Stored items
lemma cis_two_pi_div_ne_1:
  assumes "(n::nat) \<ge> 2"
  shows "cis (2 * pi / n) \<noteq> 1"
proof -
  have "cos (2 * pi / n) < cos 0"
    using assms by (intro cos_monotone_0_pi) (auto simp: field_simps)
  then show ?thesis by (metis cis.sel(1) cos_zero less_irrefl one_complex.sel(1))
qed

text \<open>Factor \<open>F\<^sup>Q - G\<^sup>Q = (F - G) H\<close>: the first factor vanishes at \<open>(1,\<dots>,1)\<close>, the
  second at a point where \<open>F/G\<close> is a primitive \<open>Q\<close>-th root of unity.\<close>
lemma binomial_power_not_irreducible:
  assumes "Q \<ge> 2" and "\<alpha> \<noteq> \<beta>"
    and ka: "Poly_Mapping.keys \<alpha> \<subseteq> {..<d}" and kb: "Poly_Mapping.keys \<beta> \<subseteq> {..<d}"
    and disj: "\<And>j. Poly_Mapping.lookup \<alpha> j = 0 \<or> Poly_Mapping.lookup \<beta> j = 0"
  shows "\<not> irreducible_in d (monom \<alpha> ^ Q - monom \<beta> ^ Q)"
proof
  assume irr: "irreducible_in d (monom \<alpha> ^ Q - monom \<beta> ^ Q)"
  define H where "H = (\<Sum>k<Q. monom \<alpha> ^ k * monom \<beta> ^ (Q - 1 - k))"
  have factor: "monom \<alpha> ^ Q - monom \<beta> ^ Q = (monom \<alpha> - monom \<beta>) * H"
    using diff_power_eq_sum[of "monom \<alpha>" "Q - 1" "monom \<beta>"] \<open>Q \<ge> 2\<close>
    by (simp add: H_def Suc_diff_1)
  have in_qbar: "monom \<alpha> \<in> qbar_poly d" "monom \<beta> \<in> qbar_poly d"
    using ka kb by (auto intro: qbar_poly_monom)
  obtain j where j: "Poly_Mapping.lookup \<alpha> j \<noteq> Poly_Mapping.lookup \<beta> j"
    using \<open>\<alpha> \<noteq> \<beta>\<close> by (meson poly_mapping_eqI)
  define a where "a = Poly_Mapping.lookup \<alpha> j + Poly_Mapping.lookup \<beta> j"
  have "a > 0" using j disj[of j] by (auto simp: a_def)
  define \<rho> where "\<rho> = cis (2 * pi / (Q * a))"
  define x where "x = (\<lambda>i. if i = j then \<rho> else 1)"
  have "\<rho> ^ a = cis (2 * pi / Q)"
    using \<open>a > 0\<close> by (simp add: \<rho>_def DeMoivre field_simps)
  moreover have "cis (2 * pi / Q) ^ Q = 1"
    using \<open>Q \<ge> 2\<close> by (simp add: DeMoivre)
  moreover have "cis (2 * pi / Q) \<noteq> 1"
    using cis_two_pi_div_ne_1[OF \<open>Q \<ge> 2\<close>] .
  ultimately have "eval_mpoly (monom \<alpha> - monom \<beta>) x \<noteq> 0"
    and "eval_mpoly (monom \<alpha> ^ Q - monom \<beta> ^ Q) x = 0"
    using disj[of j]
    by (auto simp: eval_mpoly_diff eval_mpoly_power eval_mpoly_monom x_def monom_value_at_point a_def)
  then have "eval_mpoly H x = 0"
    unfolding factor eval_mpoly_mult by simp
  moreover have "eval_mpoly (monom \<alpha> - monom \<beta>) (\<lambda>_. 1) = 0"
    by (simp add: eval_mpoly_diff eval_mpoly_monom)
  moreover have "H \<in> qbar_poly d"
    unfolding H_def using in_qbar by (intro qbar_poly_sum qbar_poly_mult qbar_poly_power)
  ultimately show False
    using irreducible_in_no_vanishing_factors[OF irr _ _ factor] qbar_poly_diff[OF in_qbar] by blast
qed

INSTRUCTIONS FOR THE TASK
Retype the entries shown above. Keep every word exactly as it is.

WORKED SOLUTION
lemma cis_two_pi_div_ne_1:
  assumes "(n::nat) \<ge> 2"
  shows "cis (2 * pi / n) \<noteq> 1"
proof -
  have "cos (2 * pi / n) < cos 0"
    using assms by (intro cos_monotone_0_pi) (auto simp: field_simps)
  then show ?thesis by (metis cis.sel(1) cos_zero less_irrefl one_complex.sel(1))
qed

text \<open>Factor \<open>F\<^sup>Q - G\<^sup>Q = (F - G) H\<close>: the first factor vanishes at \<open>(1,\<dots>,1)\<close>, the
  second at a point where \<open>F/G\<close> is a primitive \<open>Q\<close>-th root of unity.\<close>
lemma binomial_power_not_irreducible:
  assumes "Q \<ge> 2" and "\<alpha> \<noteq> \<beta>"
    and ka: "Poly_Mapping.keys \<alpha> \<subseteq> {..<d}" and kb: "Poly_Mapping.keys \<beta> \<subseteq> {..<d}"
    and disj: "\<And>j. Poly_Mapping.lookup \<alpha> j = 0 \<or> Poly_Mapping.lookup \<beta> j = 0"
  shows "\<not> irreducible_in d (monom \<alpha> ^ Q - monom \<beta> ^ Q)"
proof
  assume irr: "irreducible_in d (monom \<alpha> ^ Q - monom \<beta> ^ Q)"
  define H where "H = (\<Sum>k<Q. monom \<alpha> ^ k * monom \<beta> ^ (Q - 1 - k))"
  have factor: "monom \<alpha> ^ Q - monom \<beta> ^ Q = (monom \<alpha> - monom \<beta>) * H"
    using diff_power_eq_sum[of "monom \<alpha>" "Q - 1" "monom \<beta>"] \<open>Q \<ge> 2\<close>
    by (simp add: H_def Suc_diff_1)
  have in_qbar: "monom \<alpha> \<in> qbar_poly d" "monom \<beta> \<in> qbar_poly d"
    using ka kb by (auto intro: qbar_poly_monom)
  obtain j where j: "Poly_Mapping.lookup \<alpha> j \<noteq> Poly_Mapping.lookup \<beta> j"
    using \<open>\<alpha> \<noteq> \<beta>\<close> by (meson poly_mapping_eqI)
  define a where "a = Poly_Mapping.lookup \<alpha> j + Poly_Mapping.lookup \<beta> j"
  have "a > 0" using j disj[of j] by (auto simp: a_def)
  define \<rho> where "\<rho> = cis (2 * pi / (Q * a))"
  define x where "x = (\<lambda>i. if i = j then \<rho> else 1)"
  have "\<rho> ^ a = cis (2 * pi / Q)"
    using \<open>a > 0\<close> by (simp add: \<rho>_def DeMoivre field_simps)
  moreover have "cis (2 * pi / Q) ^ Q = 1"
    using \<open>Q \<ge> 2\<close> by (simp add: DeMoivre)
  moreover have "cis (2 * pi / Q) \<noteq> 1"
    using cis_two_pi_div_ne_1[OF \<open>Q \<ge> 2\<close>] .
  ultimately have "eval_mpoly (monom \<alpha> - monom \<beta>) x \<noteq> 0"
    and "eval_mpoly (monom \<alpha> ^ Q - monom \<beta> ^ Q) x = 0"
    using disj[of j]
    by (auto simp: eval_mpoly_diff eval_mpoly_power eval_mpoly_monom x_def monom_value_at_point a_def)
  then have "eval_mpoly H x = 0"
    unfolding factor eval_mpoly_mult by simp
  moreover have "eval_mpoly (monom \<alpha> - monom \<beta>) (\<lambda>_. 1) = 0"
    by (simp add: eval_mpoly_diff eval_mpoly_monom)
  moreover have "H \<in> qbar_poly d"
    unfolding H_def using in_qbar by (intro qbar_poly_sum qbar_poly_mult qbar_poly_power)
  ultimately show False
    using irreducible_in_no_vanishing_factors[OF irr _ _ factor] qbar_poly_diff[OF in_qbar] by blast
qed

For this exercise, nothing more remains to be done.